Executing RAG queries
Overview
In this step of the guide to building the Ask Akka application, you’ll be creating a class that wraps the OpenAI API and the MongoDB client API. It’s this class that will provide the abstraction for the rest of the application to use when making RAG queries. You’ll use Akka’s @Setup
to configure the dependency injection for this class.
Prerequisites
-
Java 21, we recommend Eclipse Adoptium
-
Apache Maven version 3.9 or later
-
An Akka account
-
Docker Engine 27 or later
Updating the bootstrap
In the previous section we created a bootstrap class that set up dependency injection for the MongoDB client. This client needs to be injected into the indexing workflow to use MongoDB as the vector store. We can just add a few lines to the createDependencyProvider
method to also create an instance of the class we’ll build next, AskAkkaAgent
if (cls.equals(AskAkkaAgent.class)) {
return (T) new AskAkkaAgent(componentClient, mongoClient);
}
Creating the Akka Agent class
We know we’re going to be writing a utility that interacts with the LLM for us. Here the choice of how to accomplish this is far more subjective and based more on people’s Java preferences than their knowledge of Akka. In this case, we’ve opted to put the logic behind the AskAkkaAgent
class and supporting utilities.
The following is the basic shell of the class before we add RAG-specific code to it.

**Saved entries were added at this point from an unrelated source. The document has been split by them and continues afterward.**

lemma mutual_information_bool_eq_integral:
  assumes U [measurable]: "U \<in> measurable M (count_space UNIV)"
    and h: "is_cond_prob M MZ Z {\<omega>\<in>space M. U \<omega>} h" and h_le_1: "\<And>z. h z \<le> 1"
  defines "p \<equiv> prob {\<omega>\<in>space M. U \<omega>}"
  shows "mutual_information 2 (count_space UNIV) MZ U Z
           = (\<integral>z. binary_divergence (h z) p \<partial>distr M MZ Z)"
    and "integrable (distr M MZ Z) (\<lambda>z. binary_divergence (h z) p)"
proof -
  interpret information_space M 2 by standard simp
  let ?PZ = "distr M MZ Z" and ?S = "count_space (UNIV :: bool set)"
  interpret S: finite_measure ?S by (rule finite_measure_count_space) simp
  interpret SP: pair_sigma_finite ?S ?PZ ..
  interpret SPf: finite_measure "?S \<Otimes>\<^sub>M ?PZ"
    by (rule finite_measure_pair_measure) unfold_locales
  have [measurable]: "h \<in> borel_measurable MZ" and h_nonneg: "\<And>z. 0 \<le> h z"
    using h by (simp_all add: is_cond_prob_def)
  let ?Pu = "\<lambda>u. prob {\<omega>\<in>space M. U \<omega> = u}"
  let ?Puz = "\<lambda>x. if fst x then h (snd x) else 1 - h (snd x)"
  let ?G = "\<lambda>x. ?Puz x * log 2 (?Puz x / (?Pu (fst x) * 1))"
  have Pu: "prob {\<omega>\<in>space M. U \<omega>} = p" "prob {\<omega>\<in>space M. \<not> U \<omega>} = 1 - p"
    using prob_neg[of U] by (simp_all add: p_def)
  have p: "0 \<le> p" "p \<le> 1" by (simp_all add: p_def)
  have int: "integrable ?PZ (\<lambda>z. h z * log 2 (h z / p))"
    "integrable ?PZ (\<lambda>z. (1 - h z) * log 2 ((1 - h z) / (1 - p)))"
    using abs_mult_log_div_le[of "h _" p] abs_mult_log_div_le[of "1 - h _" "1 - p"]
      h_nonneg h_le_1 p
    by (auto intro!: PZ.integrable_const_bound AE_I2)
  have "mutual_information 2 ?S MZ U Z = mutual_information 2 ?S ?PZ U Z"
    unfolding mutual_information_def
    by (intro arg_cong2[where f="KL_divergence 2"] arg_cong2[where f=pair_measure] distr_cong
        sets_pair_measure_cong) simp_all
  also have "\<dots> = (\<integral>x. ?G x \<partial>(?S \<Otimes>\<^sub>M ?PZ))"
  proof (rule mutual_information_distr[OF _ _ distributed_bool[OF M]])
    show "distributed M ?PZ Z (\<lambda>_. ennreal 1)"
      unfolding distributed_def by (auto simp: density_1 intro!: distr_cong)
    show "distributed M (?S \<Otimes>\<^sub>M ?PZ) (\<lambda>\<omega>. (U \<omega>, Z \<omega>)) (\<lambda>x. ennreal (?Puz x))"
      by (rule distributed_pair_cond_prob[OF U h h_le_1])
  qed (use h_nonneg h_le_1 in \<open>auto intro: sigma_finite_measure_count_space_finite
        PZ.sigma_finite_measure_axioms\<close>)
  also have "\<dots> = (\<integral>u. \<integral>z. ?G (u, z) \<partial>?PZ \<partial>?S)"
  proof (rule SP.integral_fst'[symmetric], rule SPf.integrable_const_bound)
    show "AE x in ?S \<Otimes>\<^sub>M ?PZ. norm (?G x) \<le> 1 + \<bar>log 2 p\<bar> + \<bar>log 2 (1 - p)\<bar>"
    proof (rule AE_I2)
      fix x :: "bool \<times> 'z"
      show "norm (?G x) \<le> 1 + \<bar>log 2 p\<bar> + \<bar>log 2 (1 - p)\<bar>"
        using abs_mult_log_div_le[of "h (snd x)" p] abs_mult_log_div_le[of "1 - h (snd x)" "1 - p"]
          h_nonneg[of "snd x"] h_le_1[of "snd x"] p
        by (cases "fst x") (simp_all add: Pu add_increasing2 add_increasing)
    qed
  qed measurable
  also have "\<dots> = (\<integral>z. h z * log 2 (h z / p) \<partial>?PZ)
                   + (\<integral>z. (1 - h z) * log 2 ((1 - h z) / (1 - p)) \<partial>?PZ)"
    by (simp add: lebesgue_integral_count_space_finite UNIV_bool Pu)
  also have "\<dots> = (\<integral>z. binary_divergence (h z) p \<partial>?PZ)"
    using int by (simp add: binary_divergence_def)
  finally show "mutual_information 2 (count_space UNIV) MZ U Z
           = (\<integral>z. binary_divergence (h z) p \<partial>distr M MZ Z)" .
  show "integrable (distr M MZ Z) (\<lambda>z. binary_divergence (h z) p)"
    using int by (simp add: binary_divergence_def)
qed
text \<open>Infinite colourings, by induction on the number of free coordinates: the first coordinate
  ranges over a set \<open>Y\<close> of size above \<open>\<lambda> = |C|^(+m)\<close>, while the grids found through the points
  \<open>x0[j := a]\<close> all lie in one subset of \<open>Y\<close> of size \<open>\<lambda>\<close>. So there are at most \<open>\<lambda> < |Y|\<close> of
  them, and infinitely many \<open>a\<close> yield the same grid.\<close>

lemma monochromatic_grid_infinite:
  fixes c :: "'a list \<Rightarrow> 'c"
  assumes "infinite C" "c ` tuples X d \<subseteq> C"
  shows "csucc_rel m C B \<Longrightarrow> |B| <o |Y| \<Longrightarrow> Y \<subseteq> X \<Longrightarrow> x0 \<in> tuples X d \<Longrightarrow>
    distinct js \<Longrightarrow> set js \<subseteq> {..<d} \<Longrightarrow> length js = Suc m \<Longrightarrow>
    \<exists>Ls \<gamma>. \<gamma> \<in> C \<and> length Ls = length js \<and> grid_lines n Y Ls \<and>
      (\<forall>y\<in>tuples X d. in_grid js Ls x0 y \<longrightarrow> c y = \<gamma>)"
proof (induction m arbitrary: B Y x0 js)
  case 0
  then obtain j where js: "js = [j]" by (auto simp: length_Suc_conv)
  have j: "j < length x0" using "0.prems"(4,6) js by (simp add: tuples_def)
  have "|B| =o |C|" using "0.prems"(1) by simp
  then have CY: "|C| <o |Y|" using ordIso_ordLess_trans[OF ordIso_symmetric "0.prems"(2)] by blast
  then have "infinite Y" using assms(1) card_of_ordLess_infinite by blast
  have upd: "x0[j := a] \<in> tuples X d" if "a \<in> Y" for a
    using that "0.prems"(3,4) set_update_subset_insert[of x0 j a] by (auto simp: tuples_def)
  then have "(\<lambda>a. c (x0[j := a])) ` Y \<subseteq> C" using assms(2) by blast
  then obtain a l where l: "a \<in> Y" "distinct l" "length l = n" "set l \<subseteq> Y"
    "\<forall>b\<in>set l. c (x0[j := b]) = c (x0[j := a])"
    using infinite_fibre_list[OF \<open>infinite Y\<close> _ CY] by blast
  have "c y = c (x0[j := a])" if "y \<in> tuples X d" "in_grid [j] [l] x0 y" for y
  proof -
    have "y = x0[j := y ! j]" using in_grid_Nil in_grid_Cons_rebase(2)[OF that(2) j] by metis
    then show ?thesis using l(5) in_grid_Cons_rebase(1)[OF that(2) j] by metis
  qed
  moreover have "c (x0[j := a]) \<in> C" using upd[OF l(1)] assms(2) by blast
  ultimately show ?case
    using l js by (intro exI[of _ "[l]"] exI[of _ "c (x0[j := a])"]) (auto simp: grid_lines_def)
next
  case (Suc m)
  then obtain j js' where js: "js = j # js'" "length js' = Suc m" by (auto simp: length_Suc_conv)
  have j: "j < length x0" using Suc.prems(4,6) js by (simp add: tuples_def)
  obtain B' where B': "csucc_rel m C B'" "|B| =o cardSuc |B'|" using Suc.prems(1) by auto
  obtain Y' where Y': "Y' \<subseteq> Y" "|Y'| =o |B|"
    using subset_ordIso_Card_order[OF card_of_Card_order ordLess_imp_ordLeq[OF Suc.prems(2)]] by blast
  have "|B'| <o cardSuc |B'|" by (simp add: cardSuc_greater card_of_Card_order)
  then have B'Y': "|B'| <o |Y'|"
    using B'(2) Y'(2) ordLess_ordIso_trans ordIso_symmetric ordIso_transitive by metis
  have CY': "|C| \<le>o |Y'|" using csucc_rel_ordLeq[OF B'(1)] B'Y' ordLeq_ordLess_trans ordLess_imp_ordLeq by blast
  have "infinite Y'" using assms(1) CY' card_of_ordLeq_infinite by blast
  have Y'Y: "|Y'| <o |Y|" using Y'(2) Suc.prems(2) ordIso_ordLess_trans by blast
  then have "infinite Y" using \<open>infinite Y'\<close> card_of_ordLess_infinite by blast
  have upd: "x0[j := a] \<in> tuples X d" if "a \<in> Y" for a
    using that Suc.prems(3,4) set_update_subset_insert[of x0 j a] by (auto simp: tuples_def)
  have Y'X: "Y' \<subseteq> X" using Y'(1) Suc.prems(3) by blast
  have js': "distinct js'" "set js' \<subseteq> {..<d}" "length js' = Suc m"
    using Suc.prems(5,6) js by auto
  define good where "good a p \<longleftrightarrow> snd p \<in> C \<and> length (fst p) = length js' \<and>
      grid_lines n Y' (fst p) \<and>
      (\<forall>y\<in>tuples X d. in_grid js' (fst p) (x0[j := a]) y \<longrightarrow> c y = snd p)" for a p
  have "\<exists>p. good a p" if a: "a \<in> Y" for a
  proof -
    obtain Ls \<gamma> where "\<gamma> \<in> C" "length Ls = length js'" "grid_lines n Y' Ls"
      "\<forall>y\<in>tuples X d. in_grid js' Ls (x0[j := a]) y \<longrightarrow> c y = \<gamma>"
      using Suc.IH[OF B'(1) B'Y' Y'X upd[OF a] js'] by blast
    then have "good a (Ls, \<gamma>)" unfolding good_def by simp
    then show ?thesis by blast
  qed
  then obtain G where G: "\<forall>a\<in>Y. good a (G a)" by metis
  define T where "T = tuples (tuples Y' n) (length js')"
  have "G ` Y \<subseteq> T \<times> C"
  proof (rule image_subsetI)
    fix a assume "a \<in> Y"
    then have "good a (G a)" using G by blast
    then show "G a \<in> T \<times> C"
      unfolding good_def T_def grid_lines_def by (auto simp: tuples_def mem_Times_iff)
  qed
  moreover have "|T \<times> C| <o |Y|"
  proof -
    have "|T| \<le>o |Y'|" unfolding T_def
      using card_of_tuples_ordLeq_infinite[OF \<open>infinite Y'\<close>] card_of_mono1[of Y' Y'] by (metis order_refl)
    then have "|T \<times> C| \<le>o |Y'|"
      using CY' \<open>infinite Y'\<close>
      by (intro card_of_Times_ordLeq_infinite_Field) (simp_all add: Field_card_of card_of_card_order_on)
    then show ?thesis using Y'Y ordLeq_ordLess_trans by blast
  qed
  ultimately obtain a l where l: "a \<in> Y" "distinct l" "length l = n" "set l \<subseteq> Y" "\<forall>b\<in>set l. G b = G a"
    using infinite_fibre_list[OF \<open>infinite Y\<close>] by blast
  obtain Ls' \<gamma> where Ga: "G a = (Ls', \<gamma>)" by fastforce
  have "c y = \<gamma>" if "y \<in> tuples X d" "in_grid (j # js') (l # Ls') x0 y" for y
  proof -
    have "y ! j \<in> set l" "in_grid js' Ls' (x0[j := y ! j]) y"
      using in_grid_Cons_rebase[OF that(2) j] by auto
    moreover have "good (y ! j) (Ls', \<gamma>)" using G l(4,5) Ga \<open>y ! j \<in> set l\<close> by force
    ultimately show ?thesis using that(1) unfolding good_def by simp
  qed
  moreover have "good a (Ls', \<gamma>)" using G l(1) Ga by force
  then have "grid_lines n Y (l # Ls')" "\<gamma> \<in> C" "length (l # Ls') = length js"
    using l(2-4) Y'(1) js unfolding good_def grid_lines_def by auto
  ultimately show ?case unfolding js(1) by blast
qed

public class AskAkkaAgent {
private final static Logger logger = LoggerFactory.getLogger(AskAkkaAgent.class);
private final ComponentClient componentClient;
private final MongoClient mongoClient;
private final String sysMessage = """
You are a very enthusiastic Akka representative who loves to help people!
Given the following sections from the Akka SDK documentation, answer the question using only that information, outputted in markdown format.
If you are unsure and the text is not explicitly written in the documentation, say:
Sorry, I don't know how to help with that.
"""; (1)
// this langchain4j Assistant emits the response as a stream
// check AkkaStreamUtils.toAkkaSource to see how this stream is converted to an
// Akka Source
interface Assistant {
TokenStream chat(String message);
}
public AskAkkaAgent(ComponentClient componentClient, MongoClient mongoClient) { (2)
this.componentClient = componentClient;
this.mongoClient = mongoClient;
}
private CompletionStage<Done> addExchange(String compositeEntityId,
SessionEntity.Exchange conversation) { (3)
return componentClient
.forEventSourcedEntity(compositeEntityId)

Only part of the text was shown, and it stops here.